# I'm at the Harborside At Atlantis right now



## allenh91801 (Jan 29, 2006)

Greeting all,

I'm at the Harborside right now and went to an update.  The current prices are as follows:
3BR Lockout - 60,700 Platinum
3Br Lockout - 51,200 Gold
2Br Lockout - 51,200 Platinum
2Br Lockout - 43,300 Gold
2Br Non-Lockout 46,900 Platinum

Does anyone have any other questions... I'm here until the 4th..

Allen


----------



## Negma (Jan 29, 2006)

allenh91801 said:
			
		

> Greeting all,
> 
> I'm at the Harborside right now and went to an update.  The current prices are as follows:
> 
> ...


Thanks for the update. For kicks I added the prices from this summer. We will be there in 3 weeks and the countdown continues. Quick question, do you have internet in the room ? Have a great time !


----------



## allenh91801 (Jan 29, 2006)

I'm staying in Building 5, corner 1-bedroom and the wifi from my room is great.  No problems at all.


----------



## mariawolf (Jan 29, 2006)

Which building is 5--is it in new section--when I was there in early December stayed with a relative and he is in the reception building at the farthest end--you can see the antenna above his unit so WIFI was great--in January when we went to our own unit where we are about 3 units to the right of the elevator--hence farther from the antenna and it was hit or miss and only worked on balcony of our unit.


----------



## allenh91801 (Jan 30, 2006)

Building 5 is in phase 2.  I have a pool view, so my reception for wife is excellent.  Another option is to bring a newtwork cable as they have a cat 5 plug in the room right next to the sofa in the living room.  Going to town today.  See u all later

Allen


----------



## temerson (Jan 30, 2006)

How much longer is Harborside going to continue building (#phases/bldgs)?  Do they have a date set for final completion and therefore sales on developer units?

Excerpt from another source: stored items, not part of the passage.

text \<open>The substitution \<open>w \<mapsto> 1/w\<close> turns \<open>\<oint>\<^sub>\<gamma> A(1/w) dw/w\<^sup>2\<close> into minus the integral of \<open>A\<close>
  over \<open>inverse \<circ> \<gamma>\<close>; the hypothesis on the poles says exactly that this inverted contour winds
  around every pole of \<open>A\<close> as often as \<open>\<gamma>\<close> does, but in the opposite direction, so by the residue
  theorem both terms have the same integral.\<close>

lemma has_contour_integral_inversion_antisymmetric:
  fixes \<gamma> :: "real \<Rightarrow> complex"
  assumes \<gamma>: "valid_path \<gamma>" "pathfinish \<gamma> = pathstart \<gamma>" "0 \<notin> path_image \<gamma>"
    and A: "finite P" "A holomorphic_on - P"
    and poles: "\<And>p. p \<in> P \<Longrightarrow> p \<notin> path_image \<gamma>"
    and inverse_poles: "\<And>p. p \<in> P \<Longrightarrow> p \<noteq> 0 \<Longrightarrow> 1/p \<notin> path_image \<gamma> \<and>
          winding_number \<gamma> p + winding_number \<gamma> (1/p) = winding_number \<gamma> 0"
  shows "((\<lambda>w. A w - A (1/w) / w^2) has_contour_integral 0) \<gamma>"
proof -
  define \<delta> where "\<delta> = inverse \<circ> \<gamma>"
  have inverse_off_poles: "inverse w \<notin> P" if "w \<in> path_image \<gamma>" for w
  proof
    assume "inverse w \<in> P"
    moreover have "inverse w \<noteq> 0" using that \<gamma>(3) by auto
    ultimately have "1 / inverse w \<notin> path_image \<gamma>" using inverse_poles by blast
    then show False using that by (simp add: divide_inverse)
  qed
  have wind_\<delta>: "winding_number \<delta> p = - winding_number \<gamma> p" if "p \<in> P" for p
    unfolding \<delta>_def by (rule winding_number_inverse_comp_eq_neg) (use \<gamma> inverse_poles that in auto)
  have \<gamma>_off: "path_image \<gamma> \<subseteq> UNIV - P" using poles by auto
  have \<delta>_off: "path_image \<delta> \<subseteq> UNIV - P"
    using inverse_off_poles by (auto simp: \<delta>_def path_image_inverse_comp)
  have \<delta>: "valid_path \<delta>" "pathfinish \<delta> = pathstart \<delta>"
    using \<gamma> by (simp_all add: \<delta>_def valid_path_inverse_comp pathfinish_compose pathstart_compose)
  have holo: "A holomorphic_on UNIV - P" using A(2) by (simp add: Compl_eq_Diff_UNIV)
  have "contour_integral \<delta> A = 2 * pi * \<i> * (\<Sum>p\<in>P. winding_number \<delta> p * residue A p)"
    by (rule Residue_theorem) (use A(1) holo \<delta> \<delta>_off in auto)
  also have "\<dots> = - (2 * pi * \<i> * (\<Sum>p\<in>P. winding_number \<gamma> p * residue A p))"
    by (simp add: wind_\<delta> sum_negf)
  also have "2 * pi * \<i> * (\<Sum>p\<in>P. winding_number \<gamma> p * residue A p) = contour_integral \<gamma> A"
    by (rule Residue_theorem[symmetric]) (use A(1) holo \<gamma> \<gamma>_off in auto)
  finally have \<delta>_integral: "contour_integral \<delta> A = - contour_integral \<gamma> A" .
  have open_off: "open (- ({0} \<union> inverse ` P))" using A(1) by (auto intro: finite_imp_closed)
  have "(A \<circ> inverse) holomorphic_on - ({0} \<union> inverse ` P)"
    by (rule holomorphic_on_compose_gen[OF _ A(2)])
       (auto intro!: holomorphic_intros, metis image_eqI inverse_inverse_eq)
  then have "(\<lambda>w. - A (1/w) / w^2) holomorphic_on - ({0} \<union> inverse ` P)"
    by (auto intro!: holomorphic_intros simp: o_def divide_inverse)
  moreover have "path_image \<gamma> \<subseteq> - ({0} \<union> inverse ` P)"
    using \<gamma>(3) inverse_off_poles by (force simp: image_iff)
  ultimately have "((\<lambda>w. - A (1/w) / w^2) has_contour_integral contour_integral \<delta> A) \<gamma>"
    unfolding \<delta>_def contour_integral_inverse_comp[OF \<gamma>(1,3)]
    by (intro has_contour_integral_integral contour_integrable_holomorphic_simple[OF _ open_off \<gamma>(1)])
  moreover have "(A has_contour_integral contour_integral \<gamma> A) \<gamma>"
    using A(1) holo \<gamma>_off
    by (intro has_contour_integral_integral contour_integrable_holomorphic_simple[OF _ _ \<gamma>(1)])
       (auto intro: finite_imp_closed)
  ultimately show ?thesis
    using has_contour_integral_add \<delta>_integral by fastforce
qed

How is the weather this time of year?  Warm enough for the pools?

Thx


----------



## arlene22 (Jan 30, 2006)

*Is Rosie still there?*

Here's my question.   Is Rosie, the giant manta ray, still in the big tank? They told us when she got to be a certain size they would have to release her back into the ocean. We are going to Harborside in 3 weeks, and my 4 year old is obsessing about whether or not Rosie will still be there.


----------



## allenh91801 (Feb 1, 2006)

In regards to the phases, I was told this was going to be the last phase at Harborside and they should complete sales by the end of next year.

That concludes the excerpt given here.